PROBLEM DETAILS:
Lines with "unfolding": state how many there are in the records below, and nothing else.

DATA UNDER STUDY:
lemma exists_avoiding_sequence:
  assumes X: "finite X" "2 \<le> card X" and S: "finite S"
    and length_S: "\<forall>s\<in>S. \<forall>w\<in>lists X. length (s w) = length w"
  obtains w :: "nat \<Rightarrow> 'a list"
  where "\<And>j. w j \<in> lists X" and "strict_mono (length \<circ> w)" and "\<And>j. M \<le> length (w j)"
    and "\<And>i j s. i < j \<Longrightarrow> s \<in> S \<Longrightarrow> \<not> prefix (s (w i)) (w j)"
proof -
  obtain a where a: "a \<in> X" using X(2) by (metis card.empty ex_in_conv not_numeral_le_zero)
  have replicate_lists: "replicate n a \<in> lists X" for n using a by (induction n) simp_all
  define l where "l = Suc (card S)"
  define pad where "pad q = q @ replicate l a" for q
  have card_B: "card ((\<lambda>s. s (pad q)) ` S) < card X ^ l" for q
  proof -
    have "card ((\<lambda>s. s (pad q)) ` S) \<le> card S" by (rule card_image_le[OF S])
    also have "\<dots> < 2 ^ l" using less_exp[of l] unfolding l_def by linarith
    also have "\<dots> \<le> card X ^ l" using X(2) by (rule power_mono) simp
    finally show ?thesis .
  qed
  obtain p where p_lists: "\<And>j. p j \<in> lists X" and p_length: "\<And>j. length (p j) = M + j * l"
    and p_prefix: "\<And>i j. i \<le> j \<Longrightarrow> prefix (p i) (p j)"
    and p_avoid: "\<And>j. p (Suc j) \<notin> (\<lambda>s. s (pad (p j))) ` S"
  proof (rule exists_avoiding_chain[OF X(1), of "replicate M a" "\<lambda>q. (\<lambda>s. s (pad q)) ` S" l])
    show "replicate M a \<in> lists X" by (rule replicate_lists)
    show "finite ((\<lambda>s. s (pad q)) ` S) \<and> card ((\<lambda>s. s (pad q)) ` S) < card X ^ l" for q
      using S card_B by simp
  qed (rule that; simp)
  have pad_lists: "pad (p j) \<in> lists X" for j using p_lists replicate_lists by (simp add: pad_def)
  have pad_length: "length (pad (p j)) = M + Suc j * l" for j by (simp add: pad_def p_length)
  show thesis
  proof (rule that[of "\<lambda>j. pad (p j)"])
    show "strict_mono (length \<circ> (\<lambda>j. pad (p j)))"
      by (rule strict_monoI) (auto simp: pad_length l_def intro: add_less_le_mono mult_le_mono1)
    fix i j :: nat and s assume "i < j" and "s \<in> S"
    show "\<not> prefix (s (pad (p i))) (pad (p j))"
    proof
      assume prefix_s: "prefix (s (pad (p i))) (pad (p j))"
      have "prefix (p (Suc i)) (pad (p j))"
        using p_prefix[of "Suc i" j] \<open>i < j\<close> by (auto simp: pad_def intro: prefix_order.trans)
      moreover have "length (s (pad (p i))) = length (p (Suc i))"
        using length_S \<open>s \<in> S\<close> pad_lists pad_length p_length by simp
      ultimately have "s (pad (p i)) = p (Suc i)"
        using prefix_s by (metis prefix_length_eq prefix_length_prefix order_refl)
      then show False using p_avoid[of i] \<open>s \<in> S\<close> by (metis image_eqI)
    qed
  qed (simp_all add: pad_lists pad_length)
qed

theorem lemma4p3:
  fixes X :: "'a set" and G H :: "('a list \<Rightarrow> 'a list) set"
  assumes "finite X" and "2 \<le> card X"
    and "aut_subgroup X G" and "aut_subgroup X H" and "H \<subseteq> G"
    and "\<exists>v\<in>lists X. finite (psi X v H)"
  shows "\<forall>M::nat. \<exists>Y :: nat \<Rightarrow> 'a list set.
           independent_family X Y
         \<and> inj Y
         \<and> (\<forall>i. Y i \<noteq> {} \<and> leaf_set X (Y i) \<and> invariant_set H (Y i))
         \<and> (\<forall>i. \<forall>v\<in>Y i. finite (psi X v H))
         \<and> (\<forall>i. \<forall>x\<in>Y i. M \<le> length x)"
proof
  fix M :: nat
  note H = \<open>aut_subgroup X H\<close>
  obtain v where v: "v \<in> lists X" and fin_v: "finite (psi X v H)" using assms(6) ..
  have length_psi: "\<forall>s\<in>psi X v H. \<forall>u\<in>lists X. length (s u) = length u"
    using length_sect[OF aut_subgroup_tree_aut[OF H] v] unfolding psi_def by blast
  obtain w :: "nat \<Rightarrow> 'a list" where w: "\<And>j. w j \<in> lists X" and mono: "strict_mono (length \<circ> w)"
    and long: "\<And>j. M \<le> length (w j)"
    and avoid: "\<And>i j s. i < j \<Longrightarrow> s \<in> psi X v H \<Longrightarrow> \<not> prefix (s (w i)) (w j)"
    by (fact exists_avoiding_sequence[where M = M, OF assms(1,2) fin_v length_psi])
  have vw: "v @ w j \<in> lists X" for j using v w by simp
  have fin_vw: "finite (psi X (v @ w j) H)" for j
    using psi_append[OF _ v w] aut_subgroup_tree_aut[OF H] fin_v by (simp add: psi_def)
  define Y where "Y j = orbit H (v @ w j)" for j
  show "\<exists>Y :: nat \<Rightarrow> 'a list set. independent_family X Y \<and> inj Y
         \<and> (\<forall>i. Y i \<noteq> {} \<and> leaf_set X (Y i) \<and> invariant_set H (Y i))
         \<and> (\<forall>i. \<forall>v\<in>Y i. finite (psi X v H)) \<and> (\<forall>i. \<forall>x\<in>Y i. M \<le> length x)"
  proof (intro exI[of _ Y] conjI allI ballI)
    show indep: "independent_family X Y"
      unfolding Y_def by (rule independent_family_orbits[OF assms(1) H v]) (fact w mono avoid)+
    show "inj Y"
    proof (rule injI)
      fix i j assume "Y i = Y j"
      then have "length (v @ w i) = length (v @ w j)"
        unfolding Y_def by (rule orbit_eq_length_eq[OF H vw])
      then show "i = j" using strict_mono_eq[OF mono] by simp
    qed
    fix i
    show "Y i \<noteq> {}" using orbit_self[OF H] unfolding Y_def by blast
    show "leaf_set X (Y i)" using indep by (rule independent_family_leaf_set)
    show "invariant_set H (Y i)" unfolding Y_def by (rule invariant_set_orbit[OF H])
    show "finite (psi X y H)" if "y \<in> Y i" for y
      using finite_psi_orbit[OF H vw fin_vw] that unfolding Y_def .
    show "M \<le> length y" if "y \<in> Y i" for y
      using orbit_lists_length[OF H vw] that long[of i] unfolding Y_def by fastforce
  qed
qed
...
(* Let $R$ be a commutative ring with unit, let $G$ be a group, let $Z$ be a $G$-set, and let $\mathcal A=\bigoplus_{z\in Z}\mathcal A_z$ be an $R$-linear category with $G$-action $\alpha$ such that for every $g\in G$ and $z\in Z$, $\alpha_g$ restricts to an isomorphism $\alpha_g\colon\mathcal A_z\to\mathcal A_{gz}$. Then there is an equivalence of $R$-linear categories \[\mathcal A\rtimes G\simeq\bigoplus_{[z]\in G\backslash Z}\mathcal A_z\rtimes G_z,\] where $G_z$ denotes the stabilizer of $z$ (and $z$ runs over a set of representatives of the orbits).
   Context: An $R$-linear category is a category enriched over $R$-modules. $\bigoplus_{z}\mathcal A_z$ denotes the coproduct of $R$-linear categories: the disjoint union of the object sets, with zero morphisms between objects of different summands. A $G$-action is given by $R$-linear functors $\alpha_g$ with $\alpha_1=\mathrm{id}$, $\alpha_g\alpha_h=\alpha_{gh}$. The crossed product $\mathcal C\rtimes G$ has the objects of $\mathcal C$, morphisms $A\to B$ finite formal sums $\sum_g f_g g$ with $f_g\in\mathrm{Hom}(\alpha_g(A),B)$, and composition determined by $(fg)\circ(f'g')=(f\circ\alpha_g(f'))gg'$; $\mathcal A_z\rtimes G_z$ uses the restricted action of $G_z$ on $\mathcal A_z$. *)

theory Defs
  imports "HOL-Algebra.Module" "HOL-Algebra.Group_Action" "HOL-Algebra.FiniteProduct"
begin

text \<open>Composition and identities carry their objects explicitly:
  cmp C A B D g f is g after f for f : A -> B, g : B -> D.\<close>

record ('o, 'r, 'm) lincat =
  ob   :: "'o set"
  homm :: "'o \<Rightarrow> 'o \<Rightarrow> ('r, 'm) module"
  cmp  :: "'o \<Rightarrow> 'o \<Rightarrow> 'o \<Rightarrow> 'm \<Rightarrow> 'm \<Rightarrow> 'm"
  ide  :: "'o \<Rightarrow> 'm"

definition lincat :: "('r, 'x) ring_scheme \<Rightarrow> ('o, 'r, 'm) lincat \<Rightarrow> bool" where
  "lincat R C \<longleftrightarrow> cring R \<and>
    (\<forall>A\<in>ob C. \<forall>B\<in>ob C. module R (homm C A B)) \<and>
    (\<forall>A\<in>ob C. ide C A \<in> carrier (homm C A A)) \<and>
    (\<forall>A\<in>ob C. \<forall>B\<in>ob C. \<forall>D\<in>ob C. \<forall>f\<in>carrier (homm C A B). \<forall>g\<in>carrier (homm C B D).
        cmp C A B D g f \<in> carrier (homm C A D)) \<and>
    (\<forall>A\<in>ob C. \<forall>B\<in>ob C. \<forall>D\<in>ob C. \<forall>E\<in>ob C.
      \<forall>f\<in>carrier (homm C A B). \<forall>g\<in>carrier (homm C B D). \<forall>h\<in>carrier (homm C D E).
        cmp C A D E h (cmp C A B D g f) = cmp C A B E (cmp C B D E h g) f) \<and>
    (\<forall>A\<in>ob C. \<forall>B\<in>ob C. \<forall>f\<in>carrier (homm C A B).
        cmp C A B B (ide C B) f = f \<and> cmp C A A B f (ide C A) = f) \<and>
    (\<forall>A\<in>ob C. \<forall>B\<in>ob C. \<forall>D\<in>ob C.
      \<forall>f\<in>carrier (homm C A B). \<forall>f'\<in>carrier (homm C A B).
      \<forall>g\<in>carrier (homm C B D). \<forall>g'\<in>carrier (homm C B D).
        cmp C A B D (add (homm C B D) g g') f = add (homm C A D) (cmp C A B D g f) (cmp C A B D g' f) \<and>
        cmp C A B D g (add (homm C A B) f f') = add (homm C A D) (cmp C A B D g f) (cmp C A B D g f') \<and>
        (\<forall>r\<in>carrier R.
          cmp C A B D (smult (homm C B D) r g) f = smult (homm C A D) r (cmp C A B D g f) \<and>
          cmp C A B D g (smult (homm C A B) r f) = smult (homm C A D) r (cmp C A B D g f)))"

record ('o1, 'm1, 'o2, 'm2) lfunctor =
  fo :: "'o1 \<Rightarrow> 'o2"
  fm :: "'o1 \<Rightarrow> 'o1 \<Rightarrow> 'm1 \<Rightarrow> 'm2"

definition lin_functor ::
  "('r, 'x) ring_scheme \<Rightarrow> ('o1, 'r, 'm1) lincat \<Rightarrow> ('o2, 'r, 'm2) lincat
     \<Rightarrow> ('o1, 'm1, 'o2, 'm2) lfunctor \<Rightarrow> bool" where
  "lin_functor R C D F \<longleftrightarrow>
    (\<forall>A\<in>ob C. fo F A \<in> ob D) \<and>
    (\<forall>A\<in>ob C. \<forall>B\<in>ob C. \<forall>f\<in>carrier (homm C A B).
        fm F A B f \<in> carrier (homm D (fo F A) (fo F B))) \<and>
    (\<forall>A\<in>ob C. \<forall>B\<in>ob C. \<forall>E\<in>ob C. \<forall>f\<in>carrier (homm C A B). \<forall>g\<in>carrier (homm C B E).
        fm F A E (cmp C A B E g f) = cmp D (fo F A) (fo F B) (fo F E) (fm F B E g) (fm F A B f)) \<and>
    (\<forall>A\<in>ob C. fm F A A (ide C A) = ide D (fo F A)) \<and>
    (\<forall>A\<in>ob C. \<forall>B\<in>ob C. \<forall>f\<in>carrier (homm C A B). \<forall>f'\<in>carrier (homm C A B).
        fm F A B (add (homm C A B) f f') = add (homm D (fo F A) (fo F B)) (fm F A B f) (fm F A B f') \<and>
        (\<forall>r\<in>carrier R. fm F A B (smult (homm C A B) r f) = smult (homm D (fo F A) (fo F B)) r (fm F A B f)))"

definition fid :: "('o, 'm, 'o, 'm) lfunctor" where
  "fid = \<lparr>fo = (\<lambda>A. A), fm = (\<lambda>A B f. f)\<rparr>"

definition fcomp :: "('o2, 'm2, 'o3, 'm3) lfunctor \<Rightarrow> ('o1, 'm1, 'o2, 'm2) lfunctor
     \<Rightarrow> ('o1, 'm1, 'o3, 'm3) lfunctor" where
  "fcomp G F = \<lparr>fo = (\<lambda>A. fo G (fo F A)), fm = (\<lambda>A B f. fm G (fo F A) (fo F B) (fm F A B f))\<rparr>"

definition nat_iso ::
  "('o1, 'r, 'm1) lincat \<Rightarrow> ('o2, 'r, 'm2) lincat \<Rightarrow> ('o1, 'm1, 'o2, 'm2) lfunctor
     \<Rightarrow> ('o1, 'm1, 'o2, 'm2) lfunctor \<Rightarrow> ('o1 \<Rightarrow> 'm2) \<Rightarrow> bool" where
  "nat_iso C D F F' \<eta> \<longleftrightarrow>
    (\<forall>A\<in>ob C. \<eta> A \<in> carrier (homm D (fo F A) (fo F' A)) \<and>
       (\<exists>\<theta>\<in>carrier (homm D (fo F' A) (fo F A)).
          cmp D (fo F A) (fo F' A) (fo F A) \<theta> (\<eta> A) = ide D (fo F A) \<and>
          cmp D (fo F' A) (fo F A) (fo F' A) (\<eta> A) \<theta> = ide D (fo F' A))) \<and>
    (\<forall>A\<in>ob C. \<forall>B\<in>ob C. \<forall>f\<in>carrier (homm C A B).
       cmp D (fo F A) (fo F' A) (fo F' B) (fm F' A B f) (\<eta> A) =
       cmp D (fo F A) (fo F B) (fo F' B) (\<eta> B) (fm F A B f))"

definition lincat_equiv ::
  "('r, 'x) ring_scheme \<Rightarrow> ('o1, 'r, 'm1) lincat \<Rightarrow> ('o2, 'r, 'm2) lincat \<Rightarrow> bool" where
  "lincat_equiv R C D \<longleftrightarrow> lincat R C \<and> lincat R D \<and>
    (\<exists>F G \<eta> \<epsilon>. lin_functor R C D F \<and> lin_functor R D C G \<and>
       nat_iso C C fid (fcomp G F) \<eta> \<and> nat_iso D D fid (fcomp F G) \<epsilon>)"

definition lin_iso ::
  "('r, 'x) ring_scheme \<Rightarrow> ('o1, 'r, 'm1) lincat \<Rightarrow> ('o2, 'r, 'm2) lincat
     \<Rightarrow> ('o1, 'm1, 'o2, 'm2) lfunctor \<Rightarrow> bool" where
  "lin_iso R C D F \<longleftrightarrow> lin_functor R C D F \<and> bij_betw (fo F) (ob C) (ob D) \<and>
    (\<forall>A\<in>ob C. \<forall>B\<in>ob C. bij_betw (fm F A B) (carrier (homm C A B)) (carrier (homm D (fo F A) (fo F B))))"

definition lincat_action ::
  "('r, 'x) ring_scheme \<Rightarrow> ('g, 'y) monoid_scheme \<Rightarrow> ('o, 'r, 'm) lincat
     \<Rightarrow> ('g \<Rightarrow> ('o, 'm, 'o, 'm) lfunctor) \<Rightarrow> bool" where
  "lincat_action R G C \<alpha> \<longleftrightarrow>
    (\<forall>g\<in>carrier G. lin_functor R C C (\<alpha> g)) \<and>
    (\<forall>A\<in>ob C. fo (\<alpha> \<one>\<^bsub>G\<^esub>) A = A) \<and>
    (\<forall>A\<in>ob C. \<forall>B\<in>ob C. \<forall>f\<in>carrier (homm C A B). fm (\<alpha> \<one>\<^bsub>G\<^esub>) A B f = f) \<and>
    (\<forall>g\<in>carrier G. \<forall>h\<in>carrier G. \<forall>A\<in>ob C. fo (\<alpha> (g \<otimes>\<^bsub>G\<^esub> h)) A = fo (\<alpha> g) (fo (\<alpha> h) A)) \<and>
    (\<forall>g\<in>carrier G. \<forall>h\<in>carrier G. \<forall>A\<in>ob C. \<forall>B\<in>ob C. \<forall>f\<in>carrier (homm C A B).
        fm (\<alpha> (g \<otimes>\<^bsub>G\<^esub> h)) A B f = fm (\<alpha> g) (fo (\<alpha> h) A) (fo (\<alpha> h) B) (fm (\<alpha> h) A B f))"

SOLUTION FOR THIS TASK:
8